Elle suspendit la voix, espérant que les trois femmes penseraient qu'elle parlait de son Empreinte avec Aphrodite. En réalité, elle n'avait envie - et besoin - de « se servir » qu'auprès d'une seule personne : Rephaïm.

— Ton sang a une drôle d'odeur, remarqua Lenobia.

— Comment ça ?

— Il y a quelque chose d'étrange, acquiesça Saphir en commençant à nettoyer les entailles profondes avec les boules de coton imbibées d'alcool que lui tendait Kramisha.

Lucie serra les dents sous le coup de la douleur.

— Je suis un vampire rouge. Mon sang est différent du vôtre.

— Non, elles ont raison. Il put, dit Kramisha en plissant le nez.

— C'est parce qu'il en a bu.

— Qui ? demanda Lenobia. Le Corbeau Moqueur ?

— Non ! Je me tue à vous-dire que le Corbeau Moqueur ne m'a rien fait.

C'était une victime, lui aussi.

— Lucie, que t'est-il arrivé ? fit Lenobia.

Lucie inspira profondément et se lança dans une histoire presque vraie.

— Je suis allée au parc pour essayer d'obtenir de la Terre des informations qui me seraient utiles pour aider Zoey.

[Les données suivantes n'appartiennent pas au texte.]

lemma peval_smult3:
  assumes "homog3 d h"
  shows "peval h (smult3 c v) = c ^ d * peval h v"
proof -
  obtain x y z where v: "v = (x, y, z)" by (cases v) auto
  have "peval h (smult3 c v) =
      (\<Sum>m\<in>supp3 h. c ^ d * (case m of (i, j, k) \<Rightarrow> h (i, j, k) * x ^ i * y ^ j * z ^ k))"
    unfolding v smult3.simps peval.simps
  proof (rule sum.cong[OF refl], clarify)
    fix i j k assume "(i, j, k) \<in> supp3 h"
    then have "c ^ d = c ^ i * c ^ j * c ^ k"
      using homog3_supp3[OF assms] by (simp add: power_add[symmetric])
    then show "h (i, j, k) * (c * x) ^ i * (c * y) ^ j * (c * z) ^ k =
        c ^ d * (h (i, j, k) * x ^ i * y ^ j * z ^ k)"
      by (simp add: power_mult_distrib)
  qed
  then show ?thesis by (simp add: v sum_distrib_left)
qed

definition grad3 :: "poly3 \<Rightarrow> vec3 \<Rightarrow> vec3" where
  "grad3 h v = (pd0 h v, pd1 h v, pd2 h v)"

lemma euler_homog3:
  assumes "homog3 d h"
  shows "dot3 (grad3 h v) v = of_nat d * peval h v"
proof -
  obtain x y z where v: "v = (x, y, z)" by (cases v) auto
  have monomial: "h (i, j, k) * of_nat i * x ^ (i - 1) * y ^ j * z ^ k * x
      + h (i, j, k) * of_nat j * x ^ i * y ^ (j - 1) * z ^ k * y
      + h (i, j, k) * of_nat k * x ^ i * y ^ j * z ^ (k - 1) * z
      = of_nat d * (h (i, j, k) * x ^ i * y ^ j * z ^ k)"
    if "(i, j, k) \<in> supp3 h" for i j k
  proof -
    have "of_nat d = (of_nat i + of_nat j + of_nat k :: complex)"
      using homog3_supp3[OF assms that] by (metis of_nat_add)
    then show ?thesis by (cases i; cases j; cases k) (simp_all add: algebra_simps)
  qed
  have "dot3 (grad3 h v) v = (\<Sum>m\<in>supp3 h. case m of (i, j, k) \<Rightarrow>
      h (i, j, k) * of_nat i * x ^ (i - 1) * y ^ j * z ^ k * x
      + h (i, j, k) * of_nat j * x ^ i * y ^ (j - 1) * z ^ k * y
      + h (i, j, k) * of_nat k * x ^ i * y ^ j * z ^ (k - 1) * z)"
    by (simp add: v grad3_def sum_distrib_right sum.distrib split_def)
  also have "\<dots> = (\<Sum>m\<in>supp3 h. of_nat d * (case m of (i, j, k) \<Rightarrow> h (i, j, k) * x ^ i * y ^ j * z ^ k))"
    using monomial by (intro sum.cong) auto
  finally show ?thesis by (simp add: v sum_distrib_left)
qed

lemma peval_line_point_deriv:
  "((\<lambda>t. peval h (line_point q u t)) has_field_derivative
    dot3 (grad3 h (line_point q u t)) u) (at t)"
proof -
  obtain q0 q1 q2 where q: "q = (q0, q1, q2)" by (cases q) auto
  obtain u0 u1 u2 where u: "u = (u0, u1, u2)" by (cases u) auto
  have "((\<lambda>t. \<Sum>m\<in>supp3 h. case m of (i, j, k) \<Rightarrow>
        h (i, j, k) * (q0 + t * u0) ^ i * (q1 + t * u1) ^ j * (q2 + t * u2) ^ k)
    has_field_derivative (\<Sum>m\<in>supp3 h. case m of (i, j, k) \<Rightarrow>
        h (i, j, k) * of_nat i * (q0 + t * u0) ^ (i - 1) * (q1 + t * u1) ^ j * (q2 + t * u2) ^ k * u0
      + h (i, j, k) * of_nat j * (q0 + t * u0) ^ i * (q1 + t * u1) ^ (j - 1) * (q2 + t * u2) ^ k * u1
      + h (i, j, k) * of_nat k * (q0 + t * u0) ^ i * (q1 + t * u1) ^ j * (q2 + t * u2) ^ (k - 1) * u2))
    (at t)"
    by (rule DERIV_sum, clarsimp split: prod.splits,
        (rule derivative_eq_intros refl | simp)+, simp add: algebra_simps)
  then show ?thesis
    by (simp add: q u grad3_def sum_distrib_right sum.distrib split_def)
qed

fun line_poly :: "poly3 \<Rightarrow> vec3 \<Rightarrow> vec3 \<Rightarrow> complex poly" where
  "line_poly h (q0, q1, q2) (u0, u1, u2) =
     (\<Sum>(i, j, k)\<in>supp3 h. smult (h (i, j, k)) ([:q0, u0:] ^ i * [:q1, u1:] ^ j * [:q2, u2:] ^ k))"

lemma poly_line_poly: "poly (line_poly h q u) t = peval h (line_point q u t)"
  by (cases q; cases u) (simp add: poly_sum split_def algebra_simps)
(* In the monkey model with $K\ge2$ letters, space probability $s\in(0,1)$, and equal letter probabilities $q_1=\cdots=q_K=(1-s)/K$, every rank $r\ge1$ satisfies $$\frac1K\,B_r^{\log_{q_1}K}<r<\frac{K}{K-1}\,B_r^{\log_{q_1}K},$$ so the power-law exponent is $-\beta=1/\log_{q_1}K=\frac{\log(1-s)}{\log K}-1$. In particular, for fixed $s$, $-\beta\to-1$ as $K\to\infty$.
   Context: Monkey model: a keyboard has $K$ letters $L_1,\dots,L_K$ struck independently with probabilities $q_1,\dots,q_K$ and a space character with probability $s$, where $\sum_i q_i+s=1$. A word is a finite (possibly empty) string $L_{i_1}\cdots L_{i_n}$ of letters followed by a space. Its base value is $B=q_{i_1}\cdots q_{i_n}$ (the empty word has base value $1$). The base values of all finitely long words, listed with multiplicity in non-increasing order with ties broken by alphabetical order, are denoted $B_1=1\ge B_2\ge\cdots$; $r$ is the rank of $B_r$. *)

theory Defs
  imports "HOL-Analysis.Analysis"
begin

text \<open>Letters are 0,...,K-1 (letter i has probability q i);
words are finite lists of letters (the trailing space is implicit).\<close>

definition monkey_words :: "nat \<Rightarrow> nat list set" where
  "monkey_words K = {w. set w \<subseteq> {..<K}}"

definition base_value :: "(nat \<Rightarrow> real) \<Rightarrow> nat list \<Rightarrow> real" where
  "base_value q w = prod_list (map q w)"

text \<open>Rank of a word in the list of all words sorted by non-increasing base value,
ties broken alphabetically.\<close>
definition word_rank :: "nat \<Rightarrow> (nat \<Rightarrow> real) \<Rightarrow> nat list \<Rightarrow> nat" where
  "word_rank K q w = Suc (card {v \<in> monkey_words K.
      base_value q v > base_value q w \<or>
      (base_value q v = base_value q w \<and> ord_class.lexordp v w)})"

definition B :: "nat \<Rightarrow> (nat \<Rightarrow> real) \<Rightarrow> nat \<Rightarrow> real" where
  "B K q r = (THE b. \<exists>w \<in> monkey_words K. word_rank K q w = r \<and> base_value q w = b)"

end

theory Submission
  imports Defs
begin

text \<open>With equal letter probabilities p, a word of length n has base value p^n, so the
  words are ranked first by length and then alphabetically. The words of length n therefore
  occupy exactly the ranks from 1 + (K^n - 1)/(K - 1) to (K^(n+1) - 1)/(K - 1), where
  B_r = p^n, i.e. B_r powr log p K = K^n. Comparing these rank bounds with K^n gives the
  two-sided estimate, and the exponent is 1/log p K = ln p/ln K = ln (1 - s)/ln K - 1.\<close>

lemma base_value_const:
  assumes "set w \<subseteq> {..<K}" "\<forall>i<K. q i = p"
  shows "base_value q w = p ^ length w"
  using assms by (induction w) (auto simp: base_value_def)

definition words_of_length :: "nat \<Rightarrow> nat \<Rightarrow> nat list set" where
  "words_of_length K n = {v. set v \<subseteq> {..<K} \<and> length v = n}"

definition shorter_words :: "nat \<Rightarrow> nat \<Rightarrow> nat list set" where
  "shorter_words K n = {v. set v \<subseteq> {..<K} \<and> length v < n}"

lemma finite_words_of_length: "finite (words_of_length K n)"
  and card_words_of_length: "card (words_of_length K n) = K ^ n"
  unfolding words_of_length_def by (auto intro: finite_lists_length_eq simp: card_lists_length_eq)

lemma finite_shorter_words: "finite (shorter_words K n)"
proof -
  have "shorter_words K n \<subseteq> {v. set v \<subseteq> {..<K} \<and> length v \<le> n}"
    unfolding shorter_words_def by auto
  then show ?thesis using finite_lists_length_le[of "{..<K}" n] finite_subset by blast
qed

lemma card_shorter_words: "card (shorter_words K n) = (\<Sum>i<n. K ^ i)"
proof (induction n)
  case 0
  then show ?case by (simp add: shorter_words_def)
next
  case (Suc n)
  have "shorter_words K (Suc n) = shorter_words K n \<union> words_of_length K n"
    and "shorter_words K n \<inter> words_of_length K n = {}"
    unfolding shorter_words_def words_of_length_def by auto
  then show ?case
    using Suc finite_shorter_words finite_words_of_length card_words_of_length
    by (simp add: card_Un_disjoint)
qed

lemma card_shorter_words_mono: "m \<le> n \<Longrightarrow> card (shorter_words K m) \<le> card (shorter_words K n)"
  unfolding card_shorter_words by (rule sum_mono2) auto

definition lex_index :: "nat \<Rightarrow> nat list \<Rightarrow> nat" where
  "lex_index K w = card {v \<in> words_of_length K (length w). ord_class.lexordp v w}"

lemma lex_index_less:
  assumes "w \<in> words_of_length K n"
  shows "lex_index K w < K ^ n"
proof -
  have "{v \<in> words_of_length K n. ord_class.lexordp v w} \<subset> words_of_length K n"
    using assms lexordp_irreflexive' by blast
  then have "card {v \<in> words_of_length K n. ord_class.lexordp v w} < K ^ n"
    using psubset_card_mono finite_words_of_length card_words_of_length by metis
  then show ?thesis
    using assms unfolding lex_index_def words_of_length_def by simp
qed

lemma lex_index_strict_mono:
  assumes a: "a \<in> words_of_length K n" and b: "b \<in> words_of_length K n"
    and ab: "ord_class.lexordp a b"
  shows "lex_index K a < lex_index K b"
proof -
  have "{u \<in> words_of_length K n. ord_class.lexordp u a}
      \<subset> {u \<in> words_of_length K n. ord_class.lexordp u b}"
    using ab a lexordp_trans lexordp_irreflexive' by blast
  then have "card {u \<in> words_of_length K n. ord_class.lexordp u a}
      < card {u \<in> words_of_length K n. ord_class.lexordp u b}"
    by (rule psubset_card_mono[rotated]) (simp add: finite_words_of_length)
  then show ?thesis
    using a b unfolding lex_index_def words_of_length_def by simp
qed

lemma bij_betw_lex_index: "bij_betw (lex_index K) (words_of_length K n) {..<K ^ n}"
proof -
  have inj: "inj_on (lex_index K) (words_of_length K n)"
  proof (rule inj_onI, rule ccontr)
    fix v w
    assume "v \<in> words_of_length K n" "w \<in> words_of_length K n"
      and "lex_index K v = lex_index K w" "v \<noteq> w"
    then show False
      using lexordp_linear[of v w] lex_index_strict_mono[of v K n w]
        lex_index_strict_mono[of w K n v] by auto
  qed
  moreover have "lex_index K ` words_of_length K n = {..<K ^ n}"
  proof (rule card_subset_eq)
    show "lex_index K ` words_of_length K n \<subseteq> {..<K ^ n}"
      using lex_index_less by auto
    show "card (lex_index K ` words_of_length K n) = card {..<K ^ n}"
      using card_image[OF inj] card_words_of_length by simp
  qed simp
  ultimately show ?thesis unfolding bij_betw_def ..
qed

lemma word_rank_const:
  fixes p :: real
  assumes p: "0 < p" "p < 1" and qp: "\<forall>i<K. q i = p" and w: "w \<in> monkey_words K"
  shows "word_rank K q w = Suc (card (shorter_words K (length w)) + lex_index K w)"
proof -
  have bv: "base_value q v = p ^ length v" if "v \<in> monkey_words K" for v
    using base_value_const[OF _ qp] that by (simp add: monkey_words_def)
  have "{v \<in> monkey_words K. base_value q v > base_value q w \<or>
      (base_value q v = base_value q w \<and> ord_class.lexordp v w)}
      = shorter_words K (length w)
        \<union> {v \<in> words_of_length K (length w). ord_class.lexordp v w}"
    using w p
    by (auto simp: bv power_strict_decreasing_iff power_inject_exp'
        shorter_words_def words_of_length_def monkey_words_def)
  moreover have "shorter_words K (length w)
      \<inter> {v \<in> words_of_length K (length w). ord_class.lexordp v w} = {}"
    by (auto simp: shorter_words_def words_of_length_def)
  ultimately show ?thesis
    unfolding word_rank_def lex_index_def
    by (simp add: card_Un_disjoint finite_shorter_words finite_words_of_length)
qed

lemma length_class_unique:
  assumes "card (shorter_words K m) < r" "r \<le> card (shorter_words K (Suc m))"
    and "card (shorter_words K n) < r" "r \<le> card (shorter_words K (Suc n))"
  shows "m = n"
  using assms card_shorter_words_mono[of "Suc m" n K] card_shorter_words_mono[of "Suc n" m K]
  by (cases m n rule: linorder_cases) auto

lemma length_class_exists:
  assumes "K \<ge> 1" "r \<ge> 1"
  shows "\<exists>n. card (shorter_words K n) < r \<and> r \<le> card (shorter_words K (Suc n))"
proof -
  have "r \<le> card (shorter_words K r)"
  proof -
    have "(\<Sum>i<r. 1) \<le> (\<Sum>i<r. K ^ i)"
      using assms by (intro sum_mono) simp
    then show ?thesis by (simp add: card_shorter_words)
  qed
  then show ?thesis
    using ex_least_nat_less[of "\<lambda>m. r \<le> card (shorter_words K m)" r] assms
    by (force simp: card_shorter_words)
qed

lemma B_const:
  fixes p :: real
  assumes p: "0 < p" "p < 1" and qp: "\<forall>i<K. q i = p"
    and n: "card (shorter_words K n) < r" "r \<le> card (shorter_words K (Suc n))"
  shows "B K q r = p ^ n"
  unfolding B_def
proof (rule the_equality)
  have "r - Suc (card (shorter_words K n)) \<in> lex_index K ` words_of_length K n"
    using n bij_betw_imp_surj_on[OF bij_betw_lex_index]
    by (auto simp: card_shorter_words)
  then obtain w where w: "w \<in> words_of_length K n"
    and idx: "lex_index K w = r - Suc (card (shorter_words K n))"
    by auto
  have wm: "w \<in> monkey_words K" and lw: "length w = n"
    using w by (auto simp: words_of_length_def monkey_words_def)
  show "\<exists>w\<in>monkey_words K. word_rank K q w = r \<and> base_value q w = p ^ n"
    using wm word_rank_const[OF p qp wm] base_value_const[OF _ qp] n lw idx
    by (auto simp: monkey_words_def)
next
  fix b
  assume "\<exists>w\<in>monkey_words K. word_rank K q w = r \<and> base_value q w = b"
  then obtain v where v: "v \<in> monkey_words K" "word_rank K q v = r" "base_value q v = b"
    by blast
  have "v \<in> words_of_length K (length v)"
    using v(1) by (simp add: words_of_length_def monkey_words_def)
  then have "lex_index K v < K ^ length v" by (rule lex_index_less)
  then have "length v = n"
    using length_class_unique[of K "length v" r n] word_rank_const[OF p qp v(1)] v(2) n
    by (simp add: card_shorter_words)
  then show "b = p ^ n"
    using v base_value_const[OF _ qp] by (simp add: monkey_words_def)
qed

lemma geometric_rank_bounds:
  fixes x r :: real
  assumes x: "x \<ge> 2" and S: "S * (x - 1) = x ^ n - 1"
    and lower: "S + 1 \<le> r" and upper: "r \<le> S + x ^ n"
  shows "1 / x * x ^ n < r \<and> r < x / (x - 1) * x ^ n"
proof
  have "x ^ n * (x - 1) < x * (S + 1) * (x - 1)"
  proof -
    have "x * (S + 1) * (x - 1) = x * (S * (x - 1)) + x * (x - 1)"
      by (simp add: algebra_simps)
    also have "\<dots> = x * (x ^ n - 1) + x * (x - 1)"
      by (simp only: S)
    also have "\<dots> = x * x ^ n + x * (x - 2)"
      by (simp add: algebra_simps)
    finally have "x * (S + 1) * (x - 1) = x * x ^ n + x * (x - 2)" .
    moreover have "x * (x - 2) \<ge> 0" using x by simp
    moreover have "x ^ n > 0" using x by simp
    ultimately show ?thesis by (simp add: algebra_simps)
  qed
  then have "x ^ n < x * (S + 1)"
    using x by (simp add: mult_less_cancel_right)
  also have "\<dots> \<le> x * r"
    using x lower by simp
  finally show "1 / x * x ^ n < r"
    using x by (simp add: field_simps)
  have "r * (x - 1) \<le> (S + x ^ n) * (x - 1)"
    using x upper by (simp add: mult_right_mono)
  also have "\<dots> < x * x ^ n"
    using S by (simp add: algebra_simps)
  finally show "r < x / (x - 1) * x ^ n"
    using x by (simp add: field_simps)
qed

lemma uniform_rank_bounds:
  fixes p :: real
  assumes K2: "K \<ge> 2" and p: "0 < p" "p < 1" and qp: "\<forall>i<K. q i = p" and r: "r \<ge> 1"
  shows "1 / real K * B K q r powr log p (real K) < real r
    \<and> real r < real K / (real K - 1) * B K q r powr log p (real K)"
proof -
  obtain n where n: "card (shorter_words K n) < r" "r \<le> card (shorter_words K (Suc n))"
    using length_class_exists[of K r] K2 r by auto
  have "B K q r powr log p (real K) = (p powr log p (real K)) ^ n"
    using B_const[OF p qp n] p
    by (simp add: powr_realpow[symmetric] powr_powr powr_power mult.commute)
  also have "\<dots> = real K ^ n" using p K2 by simp
  finally have "B K q r powr log p (real K) = real K ^ n" .
  moreover have "real (card (shorter_words K n)) * (real K - 1) = real K ^ n - 1"
    by (simp add: card_shorter_words power_diff_1_eq[of "real K"] mult.commute)
  moreover have "r \<le> card (shorter_words K n) + K ^ n"
    using n(2) by (simp add: card_shorter_words)
  then have "real (card (shorter_words K n)) + 1 \<le> real r"
    and "real r \<le> real (card (shorter_words K n)) + real K ^ n"
    using n(1) by (simp_all flip: of_nat_power of_nat_add)
  ultimately show ?thesis
    using geometric_rank_bounds[of "real K"] K2 by simp
qed

lemma inverse_log_eq:
  fixes s x :: real
  assumes "s < 1" "x > 1"
  shows "1 / log ((1 - s) / x) x = ln (1 - s) / ln x - 1"
  using assms by (simp add: log_def ln_div field_simps)

lemma const_div_ln_tendsto_0: "((\<lambda>k::nat. c / ln (real k)) \<longlongrightarrow> 0) at_top"
  by (intro tendsto_divide_0[OF tendsto_const] filterlim_at_top_imp_at_infinity
      filterlim_compose[OF ln_at_top filterlim_real_sequentially])

theorem mainTheorem2:
  fixes K :: nat and s :: real and q :: "nat \<Rightarrow> real"
  assumes K2: "K \<ge> 2"
    and s_pos: "0 < s" and s_lt1: "s < 1"
    and q_eq: "\<forall>i<K. q i = (1 - s) / real K"
  shows "(\<forall>r::nat. r \<ge> 1 \<longrightarrow>
            1 / real K * B K q r powr log (q 0) (real K) < real r \<and>
            real r < real K / (real K - 1) * B K q r powr log (q 0) (real K))
       \<and> 1 / log (q 0) (real K) = ln (1 - s) / ln (real K) - 1
       \<and> ((\<lambda>k::nat. 1 / log ((1 - s) / real k) (real k)) \<longlongrightarrow> -1) at_top"
proof (intro conjI allI impI)
  have q0: "q 0 = (1 - s) / real K"
    using K2 q_eq by simp
  then have p: "0 < q 0" "q 0 < 1"
    using K2 s_pos s_lt1 by (simp_all add: divide_less_eq)
  fix r :: nat
  assume "r \<ge> 1"
  then show "1 / real K * B K q r powr log (q 0) (real K) < real r"
    and "real r < real K / (real K - 1) * B K q r powr log (q 0) (real K)"
    using uniform_rank_bounds[OF K2 p] q_eq q0 by simp_all
next
  show "1 / log (q 0) (real K) = ln (1 - s) / ln (real K) - 1"
    using q_eq K2 s_lt1 inverse_log_eq[of s "real K"] by simp
next
  have "\<forall>\<^sub>F k in at_top. ln (1 - s) / ln (real k) - 1 = 1 / log ((1 - s) / real k) (real k)"
    using eventually_gt_at_top[of "1::nat"] by eventually_elim (simp add: inverse_log_eq s_lt1)
  moreover have "((\<lambda>k::nat. ln (1 - s) / ln (real k) - 1) \<longlongrightarrow> 0 - 1) at_top"
    by (intro tendsto_diff const_div_ln_tendsto_0 tendsto_const)
  ultimately show "((\<lambda>k::nat. 1 / log ((1 - s) / real k) (real k)) \<longlongrightarrow> -1) at_top"
    using tendsto_cong by fastforce
qed

end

Il y a de vieilles croyances qui, d'après Aphrodite, pourraient permettre à Stark de rejoindre Zoey dans l'au-delà.

— Mais Stark ne peut pas entrer dans l'au-delà sans mourir ! protesta Lenobia.

— Oui, c'est ce que tout le monde dit, mais Aphrodite et moi avons découvert des trucs vraiment anciens qui changent la donne. Cette religion, si on peut appeler ça comme ça, est apparemment représentée par des vaches - je veux dire des taureaux, un blanc et un noir.

Elle frémit à ce souvenir.

— Sauf qu'Aphrodite a oublié de me prévenir que le taureau blanc était méchant, et le noir gentil, alors j'ai appelé le mauvais.

Le visage de Lenobia était si pâle qu'il en était presque transparent.

— Oh déesse ! Tu as appelé l'Obscurité ?

— Vous êtes au courant de cette histoire ?

Lenobia toucha sa nuque d'un geste machinal.

— Je connais un peu l'Obscurité et, en tant que professeur d'équitation, je m'y connais en bêtes.

Saphir nettoya la coupure qui courait sur la taille de Lucie.

— Ah, mince, ça fait mal ! grimaça celle-ci.

Elle ferma les yeux, essayant de se concentrer malgré la douleur. Lorsqu'elle les rouvrit, Lenobia l'observait avec une expression indéchiffrable.

— Qu'est-ce que le Corbeau Moqueur faisait là ? Tu dis qu'il ne t'a pas attaquée, mais il n'avait aucune raison de s'en prendre à l'Obscurité.

— Parce qu'ils sont du même côté, précisa Kramisha en hochant la tête, pensive.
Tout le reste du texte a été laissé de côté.